• _TASK DETAILS_:
From the entries below, reproduce exactly the line containing "imports Defs", the line containing "factors are nonzero multiples of n - 2. *)", and every line in between, with nothing added.

• _EXERCISE MATERIAL_:
(* Let $\Theta_1,\Theta_2,\ldots$ be independent random variables with $\mathbb P(\Theta_j\le\theta)=\theta/(\theta+j-1)$ for $\theta\ge0$ (convention $0/0=1$). For $n\ge1$, let $C_{n,\theta}$ be the composition of $n$ whose binary representation is $(1(\Theta_j\le\theta))_{1\le j\le n}$, and let $(\Pi_{n,\theta},\theta\ge0)$ be the associated partition-valued process. Then for every $n>2$ the process $(\Pi_{n,\theta},\theta\ge0)$ is not a Markov process.
   Context: A composition of $n$ is a sequence of positive integers $(n_1,\ldots,n_k)$ with sum $n$, viewed as $n$ balls in an ordered sequence of $k$ nonempty boxes, the $i$th box containing $n_i$ balls. Its binary representation is the length-$n$ 0/1 sequence formed by concatenating the words $10^{n_1-1},\ldots,10^{n_k-1}$. Given a process $(C_{n,\theta},\theta\ge0)$ of compositions of $n$, the associated partition-valued process $(\Pi_{n,\theta},\theta\ge0)$ is obtained by labelling the $n$ ball positions (left to right) by $\sigma(1),\ldots,\sigma(n)$ for a uniform random permutation $\sigma$ of $[n]$ independent of the compositions (the same $\sigma$ for all $\theta$), and then forgetting the order of the boxes, yielding a partition of $[n]$ into the sets of labels in each box. *)

theory Defs
  imports "HOL-Probability.Probability" "HOL-Combinatorics.Permutations"
begin

definition theta_cdf :: "nat \<Rightarrow> real \<Rightarrow> real" where
  "theta_cdf j \<theta> = (if \<theta> + real j - 1 = 0 then 1 else \<theta> / (\<theta> + real j - 1))"

text \<open>Given a binary word b (positions 1..n), two positions lie in the same box of the
  associated composition iff no position strictly after the smaller and up to the larger
  carries a 1 (each box is a word 1 0...0).\<close>
definition same_box :: "(nat \<Rightarrow> bool) \<Rightarrow> nat \<Rightarrow> nat \<Rightarrow> bool" where
  "same_box b i j \<longleftrightarrow> (\<forall>k. min i j < k \<and> k \<le> max i j \<longrightarrow> \<not> b k)"

definition comp_boxes :: "nat \<Rightarrow> (nat \<Rightarrow> bool) \<Rightarrow> nat set set" where
  "comp_boxes n b = (\<lambda>i. {j \<in> {1..n}. same_box b i j}) ` {1..n}"

definition label_partition :: "(nat \<Rightarrow> nat) \<Rightarrow> nat set set \<Rightarrow> nat set set" where
  "label_partition s P = (\<lambda>B. s ` B) ` P"

definition Pi_proc :: "nat \<Rightarrow> (nat \<Rightarrow> 'a \<Rightarrow> real) \<Rightarrow> ('a \<Rightarrow> nat \<Rightarrow> nat) \<Rightarrow> real \<Rightarrow> 'a \<Rightarrow> nat set set" where
  "Pi_proc n \<Theta> \<sigma> \<theta> \<omega> = label_partition (\<sigma> \<omega>) (comp_boxes n (\<lambda>j. \<Theta> j \<omega> \<le> \<theta>))"

text \<open>Markov property (w.r.t. the natural filtration) of a process with discrete state space,
  in its finite-dimensional form: for times s_0 < ... < s_k < t in T,
  P(X_t = y, X_{s_i} = x_i for all i) P(X_{s_k} = x_k)
    = P(X_t = y, X_{s_k} = x_k) P(X_{s_i} = x_i for all i).\<close>
definition markov_discrete :: "'a measure \<Rightarrow> real set \<Rightarrow> (real \<Rightarrow> 'a \<Rightarrow> 'b) \<Rightarrow> bool" where
  "markov_discrete M T X \<longleftrightarrow>
     (\<forall>k (s::nat \<Rightarrow> real) (x::nat \<Rightarrow> 'b) t y.
        (\<forall>i\<le>k. s i \<in> T) \<and> t \<in> T \<and> (\<forall>i<k. s i < s (Suc i)) \<and> s k < t \<longrightarrow>
        measure M {\<omega> \<in> space M. X t \<omega> = y \<and> (\<forall>i\<le>k. X (s i) \<omega> = x i)}
          * measure M {\<omega> \<in> space M. X (s k) \<omega> = x k}
        = measure M {\<omega> \<in> space M. X t \<omega> = y \<and> X (s k) \<omega> = x k}
          * measure M {\<omega> \<in> space M. \<forall>i\<le>k. X (s i) \<omega> = x i})"

end

theory Submission
  imports Defs
begin

(* As theta grows the composition is refined: position j starts a new box once Theta_j <= theta.
   The state S = {{1}, {2..n}} can be entered in two ways: position 2 is cut first and ball 1
   carries label 1, or position n is cut first and ball n carries label 1. The process then
   stays in S until the next cut, which comes from Theta_3, ..., Theta_n in the first case and
   from Theta_2, ..., Theta_(n-1) in the second. Hence for u <= w the probability of sitting in
   S at times u and w is a sum of two product kernels F_2(u) S_3(w) + F_n(u) S_2(w), where F_j is
   the distribution function of Theta_j and S_3, S_2 are the corresponding survival products.
   The Markov property at times 1 < 2 < 3 makes the 2 x 2 determinant of this kernel vanish, but
   it factors as (F_2(1) F_n(2) - F_2(2) F_n(1)) (S_3(3) S_2(2) - S_2(3) S_3(2)), and both
   factors are nonzero multiples of n - 2. *)

section \<open>Boxes of a composition\<close>

lemma same_box_commute: "same_box b i j = same_box b j i"
  unfolding same_box_def by (simp add: min.commute max.commute)

lemma same_box_iff: "i \<le> j \<Longrightarrow> same_box b i j \<longleftrightarrow> (\<forall>k. i < k \<and> k \<le> j \<longrightarrow> \<not> b k)"
  unfolding same_box_def by (simp add: min_def max_def)

lemma same_box_trans:
  assumes "same_box b i j" "same_box b j l"
  shows "same_box b i l"
proof -
  have "(min i j < k \<and> k \<le> max i j) \<or> (min j l < k \<and> k \<le> max j l)"
    if "min i l < k" "k \<le> max i l" for k :: nat
    using that by linarith
  then show ?thesis
    using assms unfolding same_box_def by blast
qed

lemma same_box_Suc_iff: "same_box b i (Suc i) \<longleftrightarrow> \<not> b (Suc i)"
  by (auto simp: same_box_iff le_Suc_eq less_Suc_eq_le)

definition comp_box :: "nat \<Rightarrow> (nat \<Rightarrow> bool) \<Rightarrow> nat \<Rightarrow> nat set" where
  "comp_box n b i = {j \<in> {1..n}. same_box b i j}"

lemma comp_boxes_eq_image: "comp_boxes n b = comp_box n b ` {1..n}"
  by (simp add: comp_boxes_def comp_box_def)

• _REPLY_:
  imports Defs
begin

(* As theta grows the composition is refined: position j starts a new box once Theta_j <= theta.
   The state S = {{1}, {2..n}} can be entered in two ways: position 2 is cut first and ball 1
   carries label 1, or position n is cut first and ball n carries label 1. The process then
   stays in S until the next cut, which comes from Theta_3, ..., Theta_n in the first case and
   from Theta_2, ..., Theta_(n-1) in the second. Hence for u <= w the probability of sitting in
   S at times u and w is a sum of two product kernels F_2(u) S_3(w) + F_n(u) S_2(w), where F_j is
   the distribution function of Theta_j and S_3, S_2 are the corresponding survival products.
   The Markov property at times 1 < 2 < 3 makes the 2 x 2 determinant of this kernel vanish, but
   it factors as (F_2(1) F_n(2) - F_2(2) F_n(1)) (S_3(3) S_2(2) - S_2(3) S_3(2)), and both
   factors are nonzero multiples of n - 2. *)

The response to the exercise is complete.